Of the lines listed below, return exactly those that run from the line containing "E 0 = (\<chi>" through the line containing "D \<Longrightarrow> Astar", both included.

▽

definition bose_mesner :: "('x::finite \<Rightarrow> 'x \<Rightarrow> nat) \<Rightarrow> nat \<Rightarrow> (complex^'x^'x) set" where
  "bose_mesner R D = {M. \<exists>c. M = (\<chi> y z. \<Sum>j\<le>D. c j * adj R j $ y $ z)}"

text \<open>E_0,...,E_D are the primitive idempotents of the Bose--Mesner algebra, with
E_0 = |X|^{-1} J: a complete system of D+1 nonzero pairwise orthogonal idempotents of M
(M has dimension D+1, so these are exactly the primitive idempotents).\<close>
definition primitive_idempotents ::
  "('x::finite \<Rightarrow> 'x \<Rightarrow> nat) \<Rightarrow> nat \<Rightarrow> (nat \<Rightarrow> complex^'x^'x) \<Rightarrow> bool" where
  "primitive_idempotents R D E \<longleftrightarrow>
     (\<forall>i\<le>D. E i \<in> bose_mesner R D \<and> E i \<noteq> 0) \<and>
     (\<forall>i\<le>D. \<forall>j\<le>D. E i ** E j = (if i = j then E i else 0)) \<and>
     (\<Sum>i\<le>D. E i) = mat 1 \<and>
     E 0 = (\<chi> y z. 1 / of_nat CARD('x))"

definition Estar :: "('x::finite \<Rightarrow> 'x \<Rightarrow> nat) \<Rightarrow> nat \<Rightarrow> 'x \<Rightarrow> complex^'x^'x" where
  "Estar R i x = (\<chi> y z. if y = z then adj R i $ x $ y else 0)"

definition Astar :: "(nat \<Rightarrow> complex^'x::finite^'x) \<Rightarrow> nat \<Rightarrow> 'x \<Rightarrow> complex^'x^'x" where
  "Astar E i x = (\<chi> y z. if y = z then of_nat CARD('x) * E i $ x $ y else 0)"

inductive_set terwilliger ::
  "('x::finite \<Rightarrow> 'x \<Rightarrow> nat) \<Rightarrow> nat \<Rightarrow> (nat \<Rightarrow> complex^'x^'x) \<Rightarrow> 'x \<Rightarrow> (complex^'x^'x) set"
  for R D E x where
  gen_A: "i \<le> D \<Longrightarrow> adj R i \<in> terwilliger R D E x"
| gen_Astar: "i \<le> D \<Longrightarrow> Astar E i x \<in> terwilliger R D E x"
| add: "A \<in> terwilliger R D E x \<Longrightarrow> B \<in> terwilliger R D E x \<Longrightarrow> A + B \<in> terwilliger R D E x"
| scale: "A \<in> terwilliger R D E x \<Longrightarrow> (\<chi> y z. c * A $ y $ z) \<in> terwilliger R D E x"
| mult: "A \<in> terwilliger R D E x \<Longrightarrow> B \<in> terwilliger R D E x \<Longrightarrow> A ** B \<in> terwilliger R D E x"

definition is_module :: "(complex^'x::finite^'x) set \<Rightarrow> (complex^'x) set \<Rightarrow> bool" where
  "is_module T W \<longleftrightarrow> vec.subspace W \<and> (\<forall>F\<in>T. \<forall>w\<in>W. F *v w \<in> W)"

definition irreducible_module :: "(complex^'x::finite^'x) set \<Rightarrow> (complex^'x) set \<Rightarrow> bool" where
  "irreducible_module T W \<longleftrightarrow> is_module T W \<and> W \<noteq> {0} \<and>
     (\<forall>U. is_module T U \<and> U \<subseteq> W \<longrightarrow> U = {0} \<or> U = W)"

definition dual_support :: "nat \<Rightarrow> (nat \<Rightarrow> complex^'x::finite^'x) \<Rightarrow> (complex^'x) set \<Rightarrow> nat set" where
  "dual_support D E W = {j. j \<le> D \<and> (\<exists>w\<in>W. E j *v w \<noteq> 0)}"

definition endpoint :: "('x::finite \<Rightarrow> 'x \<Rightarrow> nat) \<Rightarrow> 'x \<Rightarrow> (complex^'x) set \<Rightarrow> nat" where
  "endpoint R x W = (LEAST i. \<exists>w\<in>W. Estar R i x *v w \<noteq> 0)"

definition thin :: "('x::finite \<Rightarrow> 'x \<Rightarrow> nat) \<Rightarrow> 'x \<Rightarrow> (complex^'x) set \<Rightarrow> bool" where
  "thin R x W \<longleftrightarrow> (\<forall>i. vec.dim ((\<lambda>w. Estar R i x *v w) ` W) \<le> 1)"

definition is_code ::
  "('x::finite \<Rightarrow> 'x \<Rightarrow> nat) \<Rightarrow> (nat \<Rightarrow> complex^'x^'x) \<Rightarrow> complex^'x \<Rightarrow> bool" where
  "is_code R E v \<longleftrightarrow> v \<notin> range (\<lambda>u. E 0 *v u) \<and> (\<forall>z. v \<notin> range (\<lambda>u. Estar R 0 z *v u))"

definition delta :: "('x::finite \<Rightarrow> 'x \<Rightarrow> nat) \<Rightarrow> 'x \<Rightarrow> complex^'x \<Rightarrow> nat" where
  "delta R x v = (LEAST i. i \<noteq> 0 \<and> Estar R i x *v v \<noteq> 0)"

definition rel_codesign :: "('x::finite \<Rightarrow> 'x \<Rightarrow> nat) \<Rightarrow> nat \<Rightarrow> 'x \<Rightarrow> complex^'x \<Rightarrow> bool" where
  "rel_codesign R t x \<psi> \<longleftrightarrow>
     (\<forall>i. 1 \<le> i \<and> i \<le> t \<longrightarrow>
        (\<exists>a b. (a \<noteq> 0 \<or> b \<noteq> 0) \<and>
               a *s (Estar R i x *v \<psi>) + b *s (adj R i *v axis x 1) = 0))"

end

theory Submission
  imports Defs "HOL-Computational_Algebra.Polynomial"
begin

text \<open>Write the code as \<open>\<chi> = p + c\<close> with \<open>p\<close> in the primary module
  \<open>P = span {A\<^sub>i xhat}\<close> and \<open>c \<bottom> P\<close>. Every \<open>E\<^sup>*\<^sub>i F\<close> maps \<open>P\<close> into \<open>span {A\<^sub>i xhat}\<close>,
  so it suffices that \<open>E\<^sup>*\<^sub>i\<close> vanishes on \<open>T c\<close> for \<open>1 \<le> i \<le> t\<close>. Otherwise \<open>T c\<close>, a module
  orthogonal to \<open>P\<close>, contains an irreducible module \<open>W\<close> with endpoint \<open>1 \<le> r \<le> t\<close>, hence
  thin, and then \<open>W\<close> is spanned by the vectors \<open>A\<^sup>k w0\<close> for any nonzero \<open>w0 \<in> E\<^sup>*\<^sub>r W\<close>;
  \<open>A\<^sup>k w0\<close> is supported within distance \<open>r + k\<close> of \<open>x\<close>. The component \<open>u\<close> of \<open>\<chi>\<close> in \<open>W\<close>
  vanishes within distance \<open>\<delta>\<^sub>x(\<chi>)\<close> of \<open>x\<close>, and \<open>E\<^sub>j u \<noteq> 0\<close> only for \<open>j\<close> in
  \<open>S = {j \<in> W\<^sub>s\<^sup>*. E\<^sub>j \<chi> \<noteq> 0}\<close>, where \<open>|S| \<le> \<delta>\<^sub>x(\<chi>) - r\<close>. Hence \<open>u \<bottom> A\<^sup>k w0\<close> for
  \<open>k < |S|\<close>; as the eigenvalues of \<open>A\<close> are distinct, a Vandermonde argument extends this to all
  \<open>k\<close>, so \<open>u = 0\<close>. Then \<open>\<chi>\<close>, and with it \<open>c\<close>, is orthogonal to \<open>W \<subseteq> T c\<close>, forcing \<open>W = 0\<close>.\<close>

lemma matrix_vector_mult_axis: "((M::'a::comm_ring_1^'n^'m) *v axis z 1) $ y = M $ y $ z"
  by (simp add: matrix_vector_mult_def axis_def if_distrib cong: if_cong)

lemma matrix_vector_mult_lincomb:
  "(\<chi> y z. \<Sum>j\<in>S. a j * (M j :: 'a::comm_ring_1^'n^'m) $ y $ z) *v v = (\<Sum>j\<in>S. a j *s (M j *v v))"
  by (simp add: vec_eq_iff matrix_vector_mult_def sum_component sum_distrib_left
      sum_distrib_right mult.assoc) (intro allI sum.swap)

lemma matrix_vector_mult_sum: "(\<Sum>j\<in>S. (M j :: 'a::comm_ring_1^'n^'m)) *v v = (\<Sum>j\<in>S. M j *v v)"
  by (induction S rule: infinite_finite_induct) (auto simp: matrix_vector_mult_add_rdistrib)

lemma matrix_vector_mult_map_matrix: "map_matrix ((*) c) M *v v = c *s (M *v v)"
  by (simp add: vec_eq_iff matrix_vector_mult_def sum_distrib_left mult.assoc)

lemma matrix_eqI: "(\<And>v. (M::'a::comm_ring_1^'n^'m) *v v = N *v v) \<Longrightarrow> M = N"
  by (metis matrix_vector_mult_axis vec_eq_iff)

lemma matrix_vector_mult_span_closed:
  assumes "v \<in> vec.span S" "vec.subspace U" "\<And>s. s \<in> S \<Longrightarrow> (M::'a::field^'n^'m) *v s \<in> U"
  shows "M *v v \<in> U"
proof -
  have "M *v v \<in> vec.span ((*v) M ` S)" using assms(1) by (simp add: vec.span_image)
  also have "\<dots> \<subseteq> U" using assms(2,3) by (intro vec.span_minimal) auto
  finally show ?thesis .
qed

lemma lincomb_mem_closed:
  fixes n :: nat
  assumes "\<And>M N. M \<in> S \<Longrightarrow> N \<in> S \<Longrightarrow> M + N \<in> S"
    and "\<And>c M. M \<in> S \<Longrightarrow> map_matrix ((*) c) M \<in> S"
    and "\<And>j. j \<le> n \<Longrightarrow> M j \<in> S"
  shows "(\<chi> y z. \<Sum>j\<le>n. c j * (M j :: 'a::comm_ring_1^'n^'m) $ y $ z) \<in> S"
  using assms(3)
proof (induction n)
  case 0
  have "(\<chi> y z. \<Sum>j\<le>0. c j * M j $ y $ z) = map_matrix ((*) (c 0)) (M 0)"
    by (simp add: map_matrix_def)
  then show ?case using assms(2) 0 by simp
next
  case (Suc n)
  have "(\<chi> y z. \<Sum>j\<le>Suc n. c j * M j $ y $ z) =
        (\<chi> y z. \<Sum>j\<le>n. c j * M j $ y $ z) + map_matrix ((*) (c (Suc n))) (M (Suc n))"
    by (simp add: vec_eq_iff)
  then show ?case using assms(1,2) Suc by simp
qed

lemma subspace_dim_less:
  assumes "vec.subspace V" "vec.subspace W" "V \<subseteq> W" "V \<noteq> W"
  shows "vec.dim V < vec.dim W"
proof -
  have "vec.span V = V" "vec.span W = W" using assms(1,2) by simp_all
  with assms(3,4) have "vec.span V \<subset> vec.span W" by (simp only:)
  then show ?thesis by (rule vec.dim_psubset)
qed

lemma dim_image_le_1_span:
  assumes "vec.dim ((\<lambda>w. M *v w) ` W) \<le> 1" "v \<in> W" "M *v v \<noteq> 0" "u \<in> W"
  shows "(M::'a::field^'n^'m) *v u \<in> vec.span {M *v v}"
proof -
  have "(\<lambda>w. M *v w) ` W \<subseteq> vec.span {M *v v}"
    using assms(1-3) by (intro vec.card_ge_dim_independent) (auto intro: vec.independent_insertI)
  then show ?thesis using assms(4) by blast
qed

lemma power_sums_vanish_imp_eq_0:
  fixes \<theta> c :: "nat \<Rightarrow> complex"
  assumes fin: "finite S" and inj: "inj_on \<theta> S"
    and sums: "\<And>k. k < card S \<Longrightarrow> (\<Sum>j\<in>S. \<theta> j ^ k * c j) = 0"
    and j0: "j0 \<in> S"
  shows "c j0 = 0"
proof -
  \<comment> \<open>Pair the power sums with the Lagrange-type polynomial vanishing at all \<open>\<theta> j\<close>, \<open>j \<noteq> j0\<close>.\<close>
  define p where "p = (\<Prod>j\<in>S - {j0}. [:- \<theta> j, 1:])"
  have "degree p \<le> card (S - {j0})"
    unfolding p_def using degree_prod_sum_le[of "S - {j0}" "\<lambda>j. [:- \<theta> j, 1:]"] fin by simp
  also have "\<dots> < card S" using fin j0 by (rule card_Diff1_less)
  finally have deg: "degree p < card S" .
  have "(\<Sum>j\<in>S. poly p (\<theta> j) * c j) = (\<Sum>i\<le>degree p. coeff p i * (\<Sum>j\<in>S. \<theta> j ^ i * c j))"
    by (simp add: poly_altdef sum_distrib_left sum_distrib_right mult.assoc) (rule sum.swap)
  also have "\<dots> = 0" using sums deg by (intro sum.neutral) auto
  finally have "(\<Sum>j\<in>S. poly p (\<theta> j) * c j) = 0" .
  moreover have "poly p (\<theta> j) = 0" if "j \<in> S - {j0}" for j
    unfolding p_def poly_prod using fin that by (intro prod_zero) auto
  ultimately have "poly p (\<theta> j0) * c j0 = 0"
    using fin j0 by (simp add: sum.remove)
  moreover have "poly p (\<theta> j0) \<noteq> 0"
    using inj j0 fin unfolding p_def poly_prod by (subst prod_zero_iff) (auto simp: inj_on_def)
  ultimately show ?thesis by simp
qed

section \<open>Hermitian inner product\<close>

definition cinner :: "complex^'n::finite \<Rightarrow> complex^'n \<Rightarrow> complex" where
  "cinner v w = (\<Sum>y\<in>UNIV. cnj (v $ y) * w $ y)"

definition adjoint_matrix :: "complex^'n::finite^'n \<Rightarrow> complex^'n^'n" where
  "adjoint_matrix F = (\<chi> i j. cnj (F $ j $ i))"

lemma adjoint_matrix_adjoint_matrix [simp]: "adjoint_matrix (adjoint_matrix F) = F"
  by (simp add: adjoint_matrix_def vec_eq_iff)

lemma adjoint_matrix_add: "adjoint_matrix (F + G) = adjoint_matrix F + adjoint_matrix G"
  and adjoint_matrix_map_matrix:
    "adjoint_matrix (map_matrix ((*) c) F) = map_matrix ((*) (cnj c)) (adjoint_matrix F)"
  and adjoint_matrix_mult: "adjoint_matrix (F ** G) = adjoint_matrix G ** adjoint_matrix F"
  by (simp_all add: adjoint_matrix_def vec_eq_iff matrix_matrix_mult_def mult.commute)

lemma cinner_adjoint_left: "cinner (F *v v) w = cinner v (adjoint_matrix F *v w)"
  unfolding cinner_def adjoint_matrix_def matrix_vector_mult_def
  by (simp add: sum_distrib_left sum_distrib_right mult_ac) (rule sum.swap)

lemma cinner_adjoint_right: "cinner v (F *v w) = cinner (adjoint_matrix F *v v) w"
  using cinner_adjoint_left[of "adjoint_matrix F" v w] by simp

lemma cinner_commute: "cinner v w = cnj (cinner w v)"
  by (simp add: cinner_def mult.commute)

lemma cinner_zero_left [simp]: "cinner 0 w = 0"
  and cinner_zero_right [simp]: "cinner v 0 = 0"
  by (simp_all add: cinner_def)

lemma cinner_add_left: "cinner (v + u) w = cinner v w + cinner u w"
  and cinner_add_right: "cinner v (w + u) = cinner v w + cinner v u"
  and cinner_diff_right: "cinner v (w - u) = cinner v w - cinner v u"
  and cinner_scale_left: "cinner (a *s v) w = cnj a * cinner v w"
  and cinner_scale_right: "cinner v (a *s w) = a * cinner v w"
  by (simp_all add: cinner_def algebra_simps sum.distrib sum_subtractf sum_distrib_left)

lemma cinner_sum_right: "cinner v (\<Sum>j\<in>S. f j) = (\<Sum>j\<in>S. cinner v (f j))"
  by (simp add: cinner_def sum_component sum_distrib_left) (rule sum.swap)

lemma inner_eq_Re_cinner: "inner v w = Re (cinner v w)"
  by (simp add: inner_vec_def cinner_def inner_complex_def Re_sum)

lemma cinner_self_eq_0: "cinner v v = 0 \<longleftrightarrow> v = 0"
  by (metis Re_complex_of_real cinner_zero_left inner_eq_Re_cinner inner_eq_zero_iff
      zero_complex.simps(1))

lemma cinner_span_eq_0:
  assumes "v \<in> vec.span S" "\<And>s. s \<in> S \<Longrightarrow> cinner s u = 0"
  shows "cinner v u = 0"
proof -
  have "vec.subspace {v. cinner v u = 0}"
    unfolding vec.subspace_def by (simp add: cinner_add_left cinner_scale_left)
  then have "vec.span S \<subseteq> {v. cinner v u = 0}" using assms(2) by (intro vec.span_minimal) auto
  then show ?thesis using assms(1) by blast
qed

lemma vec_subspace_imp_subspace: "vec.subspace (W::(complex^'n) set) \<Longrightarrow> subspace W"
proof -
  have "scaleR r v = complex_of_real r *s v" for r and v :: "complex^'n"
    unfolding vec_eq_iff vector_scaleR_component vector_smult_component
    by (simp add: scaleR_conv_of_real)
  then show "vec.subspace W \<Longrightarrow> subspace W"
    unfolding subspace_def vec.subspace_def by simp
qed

△

Response for this exercise
     E 0 = (\<chi> y z. 1 / of_nat CARD('x))"

definition Estar :: "('x::finite \<Rightarrow> 'x \<Rightarrow> nat) \<Rightarrow> nat \<Rightarrow> 'x \<Rightarrow> complex^'x^'x" where
  "Estar R i x = (\<chi> y z. if y = z then adj R i $ x $ y else 0)"

definition Astar :: "(nat \<Rightarrow> complex^'x::finite^'x) \<Rightarrow> nat \<Rightarrow> 'x \<Rightarrow> complex^'x^'x" where
  "Astar E i x = (\<chi> y z. if y = z then of_nat CARD('x) * E i $ x $ y else 0)"

inductive_set terwilliger ::
  "('x::finite \<Rightarrow> 'x \<Rightarrow> nat) \<Rightarrow> nat \<Rightarrow> (nat \<Rightarrow> complex^'x^'x) \<Rightarrow> 'x \<Rightarrow> (complex^'x^'x) set"
  for R D E x where
  gen_A: "i \<le> D \<Longrightarrow> adj R i \<in> terwilliger R D E x"
| gen_Astar: "i \<le> D \<Longrightarrow> Astar E i x \<in> terwilliger R D E x"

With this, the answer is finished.